● **AIM OF THE EXERCISE**
Type out all the records once more, exactly.

Stored records:
━━━━
lemma maxdiff_topical_le: "topical f \<Longrightarrow> maxdiff (f x) (f y) \<le> maxdiff x y"
proof -
  assume f: "topical f"
  have "x $ j \<le> (y + const_vec (maxdiff x y)) $ j" for j
    using maxdiff_ge[of x j y] by (simp add: algebra_simps)
  then have "f x $ i \<le> f (y + const_vec (maxdiff x y)) $ i" for i
    by (blast intro: topical_mono[OF f])
  then show ?thesis
    by (simp add: maxdiff_le_iff topical_add_const[OF f] algebra_simps)
qed

lemma delta_raw_topical_le: "topical f \<Longrightarrow> delta_raw (f x) (f y) \<le> delta_raw x y"
  unfolding delta_raw_def using maxdiff_topical_le by (metis add_mono)

lemma pact_pclass: "topical f \<Longrightarrow> pact f (pclass x) = pclass (f x)"
proof -
  assume f: "topical f"
  have "proj_eq (rep_projmax (pclass x)) x"
    by (simp flip: pclass_eq_iff)
  then obtain c where "rep_projmax (pclass x) = x + const_vec c"
    unfolding proj_eq_def by (metis add.commute diff_add_cancel)
  then show ?thesis
    unfolding pact_def by (simp add: topical_add_const[OF f])
qed

lemma dist_pact_le: "topical f \<Longrightarrow> dist (pact f p) (pact f q) \<le> dist p q"
  by (cases p rule: pclass_cases, cases q rule: pclass_cases)
     (simp add: pact_pclass dist_pclass delta_raw_topical_le)

lemma continuous_on_pact: "topical f \<Longrightarrow> continuous_on S (pact f)"
  by (rule lipschitz_on_continuous_on[where L=1], rule lipschitz_onI) (simp_all add: dist_pact_le)

lemma pact_comp: "topical f \<Longrightarrow> topical g \<Longrightarrow> pact (f \<circ> g) p = pact f (pact g p)"
  by (cases p rule: pclass_cases) (simp add: pact_pclass topical_comp)

lemma pact_id [simp]: "pact id p = p"
  unfolding pact_def by simp

lemma pact_rank_one: "rank_one f \<Longrightarrow> pact f p = pclass (f (const_vec 1))"
  unfolding rank_one_def pact_def by blast

lemma rank_one_comp: "topical f \<Longrightarrow> rank_one g \<Longrightarrow> rank_one (f \<circ> g)"
  unfolding rank_one_def by (metis comp_apply pact_pclass)

lemma maxdiff_le_dist: "maxdiff x y \<le> dist x y"
  unfolding maxdiff_le_iff using abs_component_le_dist by (metis abs_le_iff)

lemma dist_pclass_le: "dist (pclass x) (pclass y) \<le> 2 * dist x y"
  using maxdiff_le_dist[of x y] maxdiff_le_dist[of y x]
  by (simp add: dist_pclass delta_raw_def dist_commute)

lemma continuous_on_pclass: "continuous_on S pclass"
  by (rule lipschitz_on_continuous_on[where L = 2], rule lipschitz_onI)
     (simp_all add: dist_pclass_le)

text \<open>Since rep_projmax picks an arbitrary representative, it need not be continuous;
  subtracting its value at a fixed coordinate gives a Lipschitz section of pclass.\<close>
definition normal_rep :: "'d::finite projmax \<Rightarrow> real ^ 'd" where
  "normal_rep p = rep_projmax p - const_vec (rep_projmax p $ undefined)"

lemma pclass_normal_rep [simp]: "pclass (normal_rep p) = p"
proof -
  have "normal_rep p = rep_projmax p + const_vec (- (rep_projmax p $ undefined))"
    unfolding normal_rep_def by (simp add: const_vec_def vec_eq_iff)
  then show ?thesis by simp
qed

lemma pact_normal_rep: "topical f \<Longrightarrow> pact f p = pclass (f (normal_rep p))"
  using pact_pclass[of f "normal_rep p"] by simp

lemma normal_rep_abs_diff_le: "\<bar>normal_rep p $ i - normal_rep q $ i\<bar> \<le> dist p q"
proof -
  define x y where "x = rep_projmax p" and "y = rep_projmax q"
  have d: "dist p q = delta_raw x y"
    unfolding x_def y_def by (metis dist_pclass pclass_rep_projmax)
  have "normal_rep p $ i - normal_rep q $ i = (x $ i - y $ i) - (x $ undefined - y $ undefined)"
    unfolding normal_rep_def x_def y_def by simp
  moreover have "x $ i - y $ i \<le> maxdiff x y" "y $ i - x $ i \<le> maxdiff y x"
    "x $ undefined - y $ undefined \<le> maxdiff x y" "y $ undefined - x $ undefined \<le> maxdiff y x"
    by (rule maxdiff_ge)+
  ultimately show ?thesis
    unfolding d delta_raw_def abs_le_iff by linarith
qed

lemma dist_normal_rep_le: "dist (normal_rep p) (normal_rep q) \<le> real CARD('d) * dist p q"
  for p q :: "'d::finite projmax"
  by (intro dist_vec_le_card_mult) (simp add: normal_rep_abs_diff_le)

lemma continuous_on_normal_rep: "continuous_on S (normal_rep :: 'd::finite projmax \<Rightarrow> _)"
  by (rule lipschitz_on_continuous_on[where L = "real CARD('d)"], rule lipschitz_onI)
     (simp_all add: dist_normal_rep_le)

subsection \<open>Dyadic approximation and a measurable version of the action\<close>

definition dyadic_vec :: "nat \<Rightarrow> ('d::finite \<Rightarrow> int) \<Rightarrow> real ^ 'd" where
  "dyadic_vec k z = (\<chi> i. real_of_int (z i) / 2 ^ k)"

definition dyadic_floor :: "nat \<Rightarrow> real ^ 'd::finite \<Rightarrow> real ^ 'd" where
  "dyadic_floor k y = dyadic_vec k (\<lambda>i. \<lfloor>2 ^ k * y $ i\<rfloor>)"

definition dyadic_vecs :: "(real ^ 'd::finite) set" where
  "dyadic_vecs = range (case_prod dyadic_vec)"

lemma countable_dyadic_vecs: "countable dyadic_vecs"
  unfolding dyadic_vecs_def by simp

lemma dyadic_vec_in_dyadic_vecs: "dyadic_vec k z \<in> dyadic_vecs"
  unfolding dyadic_vecs_def by auto

lemma dyadic_floor_in_dyadic_vecs: "dyadic_floor k y \<in> dyadic_vecs"
  unfolding dyadic_floor_def by (rule dyadic_vec_in_dyadic_vecs)

lemma dist_dyadic_floor_le: "dist (dyadic_floor k y) y \<le> real CARD('d) / 2 ^ k"
  for y :: "real ^ 'd::finite"
proof -
  have "\<bar>dyadic_floor k y $ i - y $ i\<bar> \<le> 1 / 2 ^ k" for i
  proof -
    have "real_of_int \<lfloor>2 ^ k * y $ i\<rfloor> \<le> 2 ^ k * y $ i"
      "2 ^ k * y $ i < real_of_int \<lfloor>2 ^ k * y $ i\<rfloor> + 1"
      by linarith+
    then have "real_of_int \<lfloor>2 ^ k * y $ i\<rfloor> / 2 ^ k \<le> y $ i"
      "y $ i < (real_of_int \<lfloor>2 ^ k * y $ i\<rfloor> + 1) / 2 ^ k"
      by (simp_all add: divide_simps mult.commute)
    then show ?thesis
      unfolding dyadic_floor_def dyadic_vec_def by (simp add: abs_le_iff add_divide_distrib)
  qed
  then show ?thesis
    using dist_vec_le_card_mult[of "dyadic_floor k y" y "1 / 2 ^ k"] by simp
qed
━━━━
● **FINAL ANSWER**
lemma maxdiff_topical_le: "topical f \<Longrightarrow> maxdiff (f x) (f y) \<le> maxdiff x y"
proof -
  assume f: "topical f"
  have "x $ j \<le> (y + const_vec (maxdiff x y)) $ j" for j
    using maxdiff_ge[of x j y] by (simp add: algebra_simps)
  then have "f x $ i \<le> f (y + const_vec (maxdiff x y)) $ i" for i
    by (blast intro: topical_mono[OF f])
  then show ?thesis
    by (simp add: maxdiff_le_iff topical_add_const[OF f] algebra_simps)
qed

lemma delta_raw_topical_le: "topical f \<Longrightarrow> delta_raw (f x) (f y) \<le> delta_raw x y"
  unfolding delta_raw_def using maxdiff_topical_le by (metis add_mono)

lemma pact_pclass: "topical f \<Longrightarrow> pact f (pclass x) = pclass (f x)"
proof -
  assume f: "topical f"
  have "proj_eq (rep_projmax (pclass x)) x"
    by (simp flip: pclass_eq_iff)
  then obtain c where "rep_projmax (pclass x) = x + const_vec c"
    unfolding proj_eq_def by (metis add.commute diff_add_cancel)
  then show ?thesis
    unfolding pact_def by (simp add: topical_add_const[OF f])
qed

lemma dist_pact_le: "topical f \<Longrightarrow> dist (pact f p) (pact f q) \<le> dist p q"
  by (cases p rule: pclass_cases, cases q rule: pclass_cases)
     (simp add: pact_pclass dist_pclass delta_raw_topical_le)

lemma continuous_on_pact: "topical f \<Longrightarrow> continuous_on S (pact f)"
  by (rule lipschitz_on_continuous_on[where L=1], rule lipschitz_onI) (simp_all add: dist_pact_le)

lemma pact_comp: "topical f \<Longrightarrow> topical g \<Longrightarrow> pact (f \<circ> g) p = pact f (pact g p)"
  by (cases p rule: pclass_cases) (simp add: pact_pclass topical_comp)

lemma pact_id [simp]: "pact id p = p"
  unfolding pact_def by simp

lemma pact_rank_one: "rank_one f \<Longrightarrow> pact f p = pclass (f (const_vec 1))"
  unfolding rank_one_def pact_def by blast

lemma rank_one_comp: "topical f \<Longrightarrow> rank_one g \<Longrightarrow> rank_one (f \<circ> g)"
  unfolding rank_one_def by (metis comp_apply pact_pclass)

lemma maxdiff_le_dist: "maxdiff x y \<le> dist x y"
  unfolding maxdiff_le_iff using abs_component_le_dist by (metis abs_le_iff)

lemma dist_pclass_le: "dist (pclass x) (pclass y) \<le> 2 * dist x y"
  using maxdiff_le_dist[of x y] maxdiff_le_dist[of y x]
  by (simp add: dist_pclass delta_raw_def dist_commute)

lemma continuous_on_pclass: "continuous_on S pclass"
  by (rule lipschitz_on_continuous_on[where L = 2], rule lipschitz_onI)
     (simp_all add: dist_pclass_le)

text \<open>Since rep_projmax picks an arbitrary representative, it need not be continuous;
  subtracting its value at a fixed coordinate gives a Lipschitz section of pclass.\<close>
definition normal_rep :: "'d::finite projmax \<Rightarrow> real ^ 'd" where
  "normal_rep p = rep_projmax p - const_vec (rep_projmax p $ undefined)"

lemma pclass_normal_rep [simp]: "pclass (normal_rep p) = p"
proof -
  have "normal_rep p = rep_projmax p + const_vec (- (rep_projmax p $ undefined))"
    unfolding normal_rep_def by (simp add: const_vec_def vec_eq_iff)
  then show ?thesis by simp
qed

lemma pact_normal_rep: "topical f \<Longrightarrow> pact f p = pclass (f (normal_rep p))"
  using pact_pclass[of f "normal_rep p"] by simp

lemma normal_rep_abs_diff_le: "\<bar>normal_rep p $ i - normal_rep q $ i\<bar> \<le> dist p q"
proof -
  define x y where "x = rep_projmax p" and "y = rep_projmax q"
  have d: "dist p q = delta_raw x y"
    unfolding x_def y_def by (metis dist_pclass pclass_rep_projmax)
  have "normal_rep p $ i - normal_rep q $ i = (x $ i - y $ i) - (x $ undefined - y $ undefined)"
    unfolding normal_rep_def x_def y_def by simp
  moreover have "x $ i - y $ i \<le> maxdiff x y" "y $ i - x $ i \<le> maxdiff y x"
    "x $ undefined - y $ undefined \<le> maxdiff x y" "y $ undefined - x $ undefined \<le> maxdiff y x"
    by (rule maxdiff_ge)+
  ultimately show ?thesis
    unfolding d delta_raw_def abs_le_iff by linarith
qed

lemma dist_normal_rep_le: "dist (normal_rep p) (normal_rep q) \<le> real CARD('d) * dist p q"
  for p q :: "'d::finite projmax"
  by (intro dist_vec_le_card_mult) (simp add: normal_rep_abs_diff_le)

lemma continuous_on_normal_rep: "continuous_on S (normal_rep :: 'd::finite projmax \<Rightarrow> _)"
  by (rule lipschitz_on_continuous_on[where L = "real CARD('d)"], rule lipschitz_onI)
     (simp_all add: dist_normal_rep_le)

subsection \<open>Dyadic approximation and a measurable version of the action\<close>

definition dyadic_vec :: "nat \<Rightarrow> ('d::finite \<Rightarrow> int) \<Rightarrow> real ^ 'd" where
  "dyadic_vec k z = (\<chi> i. real_of_int (z i) / 2 ^ k)"

definition dyadic_floor :: "nat \<Rightarrow> real ^ 'd::finite \<Rightarrow> real ^ 'd" where
  "dyadic_floor k y = dyadic_vec k (\<lambda>i. \<lfloor>2 ^ k * y $ i\<rfloor>)"

definition dyadic_vecs :: "(real ^ 'd::finite) set" where
  "dyadic_vecs = range (case_prod dyadic_vec)"

lemma countable_dyadic_vecs: "countable dyadic_vecs"
  unfolding dyadic_vecs_def by simp

lemma dyadic_vec_in_dyadic_vecs: "dyadic_vec k z \<in> dyadic_vecs"
  unfolding dyadic_vecs_def by auto

lemma dyadic_floor_in_dyadic_vecs: "dyadic_floor k y \<in> dyadic_vecs"
  unfolding dyadic_floor_def by (rule dyadic_vec_in_dyadic_vecs)

lemma dist_dyadic_floor_le: "dist (dyadic_floor k y) y \<le> real CARD('d) / 2 ^ k"
  for y :: "real ^ 'd::finite"
proof -
  have "\<bar>dyadic_floor k y $ i - y $ i\<bar> \<le> 1 / 2 ^ k" for i
  proof -
    have "real_of_int \<lfloor>2 ^ k * y $ i\<rfloor> \<le> 2 ^ k * y $ i"
      "2 ^ k * y $ i < real_of_int \<lfloor>2 ^ k * y $ i\<rfloor> + 1"
      by linarith+
    then have "real_of_int \<lfloor>2 ^ k * y $ i\<rfloor> / 2 ^ k \<le> y $ i"
      "y $ i < (real_of_int \<lfloor>2 ^ k * y $ i\<rfloor> + 1) / 2 ^ k"
      by (simp_all add: divide_simps mult.commute)
    then show ?thesis
      unfolding dyadic_floor_def dyadic_vec_def by (simp add: abs_le_iff add_divide_distrib)
  qed
  then show ?thesis
    using dist_vec_le_card_mult[of "dyadic_floor k y" y "1 / 2 ^ k"] by simp
qed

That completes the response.